Introduction to Applied Linear Algebra: Vectors, Matrices, and Least Squares

[+] muhneesh|7 years ago|reply

I'm e-learning Linear Algebra right now to have a good math foundation for Machine Learning.

I was a History and Sociology major in college - so I didn't take any math.

If you are like me, and working off an initial base of high school math, I would recommend the following (all free):

Linear Algebra Foundations to Frontiers (UT Austin) Course: https://www.edx.org/course/linear-algebra-foundations-to-fro... Comments: This was a great starting place for me. Good interactive HW exercises, very clear instruction and time-efficient.
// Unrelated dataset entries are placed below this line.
lemma cell_kernel_coupling_in_mart_couplings:
  assumes sc: "self_consistent q R"
  shows "kernel_coupling (distr \<mu> borel q) (cell_kernel q) \<in> mart_couplings (distr \<mu> borel q) \<mu>"
proof -
  note q = self_consistentD[OF sc]
  interpret prob_kernel "distr \<mu> borel q" "cell_kernel q" by (rule prob_kernel_cell_kernel[OF q(1-3)])
  note d = distr_finite_range[OF q(1-3)]
  have "AE x in distr \<mu> borel q. x \<in> R \<and> measure \<mu> (q -` {x}) \<noteq> 0"
  proof -
    have "AE x in distr \<mu> borel q. measure \<mu> (q -` {x}) = 0 \<longrightarrow> x \<noteq> s" for s
    proof (cases "measure \<mu> (q -` {s}) = 0")
      case True
      then have "{s} \<in> null_sets (distr \<mu> borel q)"
        by (simp add: null_sets_def emeasure_distr_singleton[OF q(1)] emeasure_eq_measure)
      from AE_not_in[OF this] show ?thesis by eventually_elim auto
    qed (auto intro: AE_I2)
    then have "AE x in distr \<mu> borel q. \<forall>s\<in>R. measure \<mu> (q -` {x}) = 0 \<longrightarrow> x \<noteq> s"
      by (intro AE_finite_allI[OF q(2)])
    with AE_in_finite_support[OF d(1,2) q(2) d(3)] show ?thesis by eventually_elim auto
  qed
  then have "AE x in distr \<mu> borel q. integrable (cell_kernel q x) (\<lambda>y. y) \<and> (\<integral>y. y \<partial>cell_kernel q x) = x"
    by eventually_elim (simp add: integral_cell_kernel[OF q(1)] self_consistent_cell_mean[OF sc])
  moreover have "kernel_coupling (distr \<mu> borel q) (cell_kernel q) \<in> couplings (distr \<mu> borel q) \<mu>"
    using sets_kernel_coupling distr_fst_kernel_coupling distr_snd_cell_kernel_coupling[OF q(1-3)]
    by (simp add: couplings_def)
  ultimately show ?thesis
    using measurable_kernel unfolding mart_couplings_def kernel_coupling_def by blast
qed

lemma quadratic_cost_cell_kernel_coupling:
  assumes q: "q \<in> borel_measurable borel" "finite R" "\<forall>x. q x \<in> R"
  shows "quadratic_cost (kernel_coupling (distr \<mu> borel q) (cell_kernel q)) = ennreal (\<integral>x. dist x (q x) ^ 2 \<partial>\<mu>)"
proof -
  interpret prob_kernel "distr \<mu> borel q" "cell_kernel q" by (rule prob_kernel_cell_kernel[OF q])
  note d = distr_finite_range[OF q]
  have dist: "(\<lambda>y. ennreal (dist s y ^ 2)) \<in> borel_measurable borel" for s :: 'a
    by (intro measurable_compose[OF _ measurable_ennreal] borel_measurable_continuous_onI continuous_intros)
  have "quadratic_cost (kernel_coupling (distr \<mu> borel q) (cell_kernel q))
      = (\<Sum>s\<in>R. (\<integral>\<^sup>+ y. ennreal (dist s y ^ 2) \<partial>cell_kernel q s) * emeasure \<mu> (q -` {s}))"
    using quadratic_cost_kernel_coupling nn_integral_finite_support[OF d(1,2) q(2) d(3)]
    by (simp add: emeasure_distr_singleton[OF q(1)])
  also have "\<dots> = (\<Sum>s\<in>R. \<integral>\<^sup>+ y. ennreal (dist s y ^ 2) * indicator (q -` {s}) y \<partial>\<mu>)"
    using nn_integral_cell_kernel_mult[OF q(1) dist] by simp
  also have "\<dots> = (\<integral>\<^sup>+ y. ennreal (dist y (q y) ^ 2) \<partial>\<mu>)"
    using nn_integral_finite_range[OF q, of "\<lambda>s y. ennreal (dist s y ^ 2)"] dist by (simp add: dist_commute)
  also have "\<dots> = ennreal (\<integral>x. dist x (q x) ^ 2 \<partial>\<mu>)"
    by (rule nn_integral_eq_integral[OF integrable_power2_dist_finite_range[OF q]]) simp
  finally show ?thesis .
qed

end

context P2_measure
begin

lemma PcvxE:
  assumes "\<eta> \<in> Pcvx \<mu> N"
  obtains S where "prob_space \<eta>" "sets \<eta> = sets borel" "finite S" "S \<noteq> {}" "card S \<le> N"
    "emeasure \<eta> S = 1" "cvx_le \<eta> \<mu>"
proof -
  from assms obtain S where "prob_space \<eta>" "sets \<eta> = sets borel" "finite S" "card S \<le> N"
    "emeasure \<eta> S = 1" "cvx_le \<eta> \<mu>" by (auto simp: Pcvx_def PN_def)
  moreover from this(5) have "S \<noteq> {}" by auto
  ultimately show ?thesis using that by blast
qed

lemma Pcvx_W2_lower_bound:
  assumes "\<eta> \<in> Pcvx \<mu> N" "opt_quantizer \<mu> N \<Gamma>"
  shows "sqrt (real_distortion \<Gamma>) \<le> W2 \<mu> \<eta>"
proof -
  obtain S where S: "prob_space \<eta>" "sets \<eta> = sets borel" "finite S" "S \<noteq> {}" "card S \<le> N"
    "emeasure \<eta> S = 1" using PcvxE[OF assms(1)] by metis
  have "real_distortion \<Gamma> \<le> real_distortion S" by (rule real_distortion_opt_quantizer_le[OF assms(2) S(3-5)])
  also have "\<dots> \<le> W2 \<mu> \<eta> ^ 2" by (rule real_distortion_le_W2[OF S(1-3,6)])
  finally show ?thesis using W2_nonneg real_le_lsqrt by blast
qed

lemma Pcvx_second_moment_upper_bound:
  assumes "\<eta> \<in> Pcvx \<mu> N" "opt_quantizer \<mu> N \<Gamma>"
  shows "(\<integral>x. norm x ^ 2 \<partial>\<eta>) \<le> (\<integral>x. norm x ^ 2 \<partial>\<mu>) - real_distortion \<Gamma>"
proof -
  obtain S where S: "prob_space \<eta>" "sets \<eta> = sets borel" "finite S" "S \<noteq> {}" "card S \<le> N"
    "emeasure \<eta> S = 1" "cvx_le \<eta> \<mu>" using PcvxE[OF assms(1)] by metis
  have "real_distortion \<Gamma> \<le> real_distortion S" by (rule real_distortion_opt_quantizer_le[OF assms(2) S(3-5)])
  moreover have "(\<integral>x. norm x ^ 2 \<partial>\<eta>) \<le> (\<integral>x. norm x ^ 2 \<partial>\<mu>) - real_distortion S"
    by (rule second_moment_le_of_cvx_le[OF S(7,1-3,6)])
  ultimately show ?thesis by simp
qed

lemma bdd_above_second_moment: "bdd_above ((\<lambda>\<eta>. \<integral>x. norm x ^ 2 \<partial>\<eta>) ` Pcvx \<mu> N)"
proof (rule bdd_aboveI2)
  fix \<eta> assume "\<eta> \<in> Pcvx \<mu> N"
  then obtain S where S: "prob_space \<eta>" "sets \<eta> = sets borel" "finite S" "emeasure \<eta> S = 1" "cvx_le \<eta> \<mu>"
    by (rule PcvxE)
  show "(\<integral>x. norm x ^ 2 \<partial>\<eta>) \<le> (\<integral>x. norm x ^ 2 \<partial>\<mu>)"
    using second_moment_le_of_cvx_le[OF S(5,1-4)] real_distortion_nonneg[of S] by simp
qed

text \<open>Witnessed by the image of \<open>\<mu>\<close> under the Lloyd step of \<open>\<Gamma>'\<close>.\<close>
lemma Pcvx_grid_bounds:
  assumes "finite \<Gamma>'" "\<Gamma>' \<noteq> {}" "card \<Gamma>' \<le> N"
  shows "(INF \<eta>\<in>Pcvx \<mu> N. W2 \<mu> \<eta>) \<le> sqrt (real_distortion \<Gamma>')"
    "(\<integral>x. norm x ^ 2 \<partial>\<mu>) - real_distortion \<Gamma>' \<le> (SUP \<eta>\<in>Pcvx \<mu> N. \<integral>x. norm x ^ 2 \<partial>\<eta>)"
proof -
  obtain q R where qR: "self_consistent q R" "card R \<le> card \<Gamma>'"
    "(\<integral>x. dist x (q x) ^ 2 \<partial>\<mu>) \<le> real_distortion \<Gamma>'"
    using ex_self_consistent_le_real_distortion[OF assms(1,2)] by blast
  have \<nu>: "distr \<mu> borel q \<in> Pcvx \<mu> N"
    using distr_self_consistent_in_Pcvx[OF qR(1)] qR(2) assms(3) by simp
  have "(INF \<eta>\<in>Pcvx \<mu> N. W2 \<mu> \<eta>) \<le> W2 \<mu> (distr \<mu> borel q)" by (rule cINF_lower[OF bdd_below_W2 \<nu>])
  also have "\<dots> \<le> sqrt (\<integral>x. dist x (q x) ^ 2 \<partial>\<mu>)"
    using self_consistentD[OF qR(1)] by (intro W2_distr_le) auto
  also have "\<dots> \<le> sqrt (real_distortion \<Gamma>')" using qR(3) by simp
  finally show "(INF \<eta>\<in>Pcvx \<mu> N. W2 \<mu> \<eta>) \<le> sqrt (real_distortion \<Gamma>')" .
  have "(\<integral>x. norm x ^ 2 \<partial>\<mu>) - real_distortion \<Gamma>' \<le> (\<integral>x. norm x ^ 2 \<partial>distr \<mu> borel q)"
    using second_moment_distr_self_consistent[OF qR(1)] qR(3) by simp
  also have "\<dots> \<le> (SUP \<eta>\<in>Pcvx \<mu> N. \<integral>x. norm x ^ 2 \<partial>\<eta>)" by (rule cSUP_upper[OF \<nu> bdd_above_second_moment])
  finally show "(\<integral>x. norm x ^ 2 \<partial>\<mu>) - real_distortion \<Gamma>' \<le> (SUP \<eta>\<in>Pcvx \<mu> N. \<integral>x. norm x ^ 2 \<partial>\<eta>)" .
qed

lemma opt_quantizer_projection_extremal:
  assumes opt: "opt_quantizer \<mu> N \<Gamma>" and p: "nn_proj \<Gamma> p"
  shows "distr \<mu> borel p \<in> Pcvx \<mu> N" "emeasure (distr \<mu> borel p) \<Gamma> = 1"
    "W2 \<mu> (distr \<mu> borel p) = (INF \<eta>\<in>Pcvx \<mu> N. W2 \<mu> \<eta>)"
    "(\<integral>x. norm x ^ 2 \<partial>distr \<mu> borel p) = (SUP \<eta>\<in>Pcvx \<mu> N. \<integral>x. norm x ^ 2 \<partial>\<eta>)"
proof -
  have sc: "self_consistent p \<Gamma>" by (rule opt_quantizer_nn_proj_self_consistent[OF opt p])
  note q = self_consistentD[OF sc]
  show \<nu>: "distr \<mu> borel p \<in> Pcvx \<mu> N"
    using opt by (intro distr_self_consistent_in_Pcvx[OF sc]) (simp add: opt_quantizer_def)
  show "emeasure (distr \<mu> borel p) \<Gamma> = 1" by (rule distr_finite_range(3)[OF q(1-3)])
  have "W2 \<mu> (distr \<mu> borel p) \<le> W2 \<mu> \<eta>" if "\<eta> \<in> Pcvx \<mu> N" for \<eta>
    using W2_distr_le[OF q(1-3)] Pcvx_W2_lower_bound[OF that opt] by (simp add: real_distortion_nn_proj[OF p])
  then show "W2 \<mu> (distr \<mu> borel p) = (INF \<eta>\<in>Pcvx \<mu> N. W2 \<mu> \<eta>)"
    using \<nu> by (intro antisym cINF_greatest cINF_lower[OF bdd_below_W2]) auto
  have "(\<integral>x. norm x ^ 2 \<partial>\<eta>) \<le> (\<integral>x. norm x ^ 2 \<partial>distr \<mu> borel p)" if "\<eta> \<in> Pcvx \<mu> N" for \<eta>
    using second_moment_distr_self_consistent[OF sc] Pcvx_second_moment_upper_bound[OF that opt]
    by (simp add: real_distortion_nn_proj[OF p])
  then show "(\<integral>x. norm x ^ 2 \<partial>distr \<mu> borel p) = (SUP \<eta>\<in>Pcvx \<mu> N. \<integral>x. norm x ^ 2 \<partial>\<eta>)"
    using \<nu> by (intro antisym cSUP_upper[OF _ bdd_above_second_moment] cSUP_least) auto
qed

lemma opt_quantizer_W2_minimal_iff:
  assumes "finite \<Gamma>" "card \<Gamma> \<le> N"
  shows "opt_quantizer \<mu> N \<Gamma> \<longleftrightarrow>
     (\<exists>\<nu>\<in>Pcvx \<mu> N. emeasure \<nu> \<Gamma> = 1 \<and> W2 \<mu> \<nu> = (INF \<eta>\<in>Pcvx \<mu> N. W2 \<mu> \<eta>))"
proof
  assume opt: "opt_quantizer \<mu> N \<Gamma>"
  then obtain p where "nn_proj \<Gamma> p" using ex_nn_proj[OF assms(1)] by (auto simp: opt_quantizer_def)
  from opt_quantizer_projection_extremal[OF opt this]
  show "\<exists>\<nu>\<in>Pcvx \<mu> N. emeasure \<nu> \<Gamma> = 1 \<and> W2 \<mu> \<nu> = (INF \<eta>\<in>Pcvx \<mu> N. W2 \<mu> \<eta>)" by blast
next
  assume "\<exists>\<nu>\<in>Pcvx \<mu> N. emeasure \<nu> \<Gamma> = 1 \<and> W2 \<mu> \<nu> = (INF \<eta>\<in>Pcvx \<mu> N. W2 \<mu> \<eta>)"
  then obtain \<nu> where \<nu>: "\<nu> \<in> Pcvx \<mu> N" "emeasure \<nu> \<Gamma> = 1" "W2 \<mu> \<nu> = (INF \<eta>\<in>Pcvx \<mu> N. W2 \<mu> \<eta>)"
    by blast
  have lower: "real_distortion \<Gamma> \<le> W2 \<mu> \<nu> ^ 2"
    using PcvxE[OF \<nu>(1)] by (metis real_distortion_le_W2 assms(1) \<nu>(2))
  have "real_distortion \<Gamma> \<le> real_distortion \<Gamma>'" if "finite \<Gamma>'" "\<Gamma>' \<noteq> {}" "card \<Gamma>' \<le> N" for \<Gamma>'
  proof -
    have "W2 \<mu> \<nu> \<le> sqrt (real_distortion \<Gamma>')" using Pcvx_grid_bounds(1)[OF that] \<nu>(3) by simp
    then have "W2 \<mu> \<nu> ^ 2 \<le> sqrt (real_distortion \<Gamma>') ^ 2" using W2_nonneg by (intro power_mono) auto
    then show ?thesis using lower real_distortion_nonneg[of \<Gamma>'] by simp
  qed
  then show "opt_quantizer \<mu> N \<Gamma>"
    using assms \<nu>(2) by (auto simp: opt_quantizer_iff_real_distortion)
qed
Linear Algebra (MIT OpenCourseware) Course: https://ocw.mit.edu/courses/mathematics/18-06-linear-algebra... Comments: This course is apparently the holy grail course for Intro Linear Algebra. One of my colleagues, who did an MS in EE at MIT, said Gilbert Strang was the best teacher he had. I started off with this but had to rewind to the UT class because I didn't have some of the fundamentals (e.g. how to calc a dot product). I'm personally 15% through this, but enjoying it.

Linear Algebra Review PDF (Stanford CS229) Link: http://cs229.stanford.edu/section/cs229-linalg.pdf Comments: This is the set of Linear Algebra review materials they go over at the beginning of Stanford's machine learning class (CS229). This is my workback to know I'm tracking to the right set of knowledge, and thus far, the courses have done a great job of doing so.

[+] flor1s|7 years ago|reply

Don't forget to review calculus as well. Khan Academy is a good start for learning about single variable calculus (http://www.khanacademy.org), but their content on multivariable calculus is a bit lacking (neural networks / deep learning use the concept of the derivatives and the gradient a lot). A good supplement for multivariable calculus would be Terence Parr and Jeremy Howard's article on "All the matrix calculus you need for deep learning": https://explained.ai/matrix-calculus/index.html

[+] earthicus|7 years ago|reply

> This course [Strang] is apparently the holy grail course for Intro Linear Algebra.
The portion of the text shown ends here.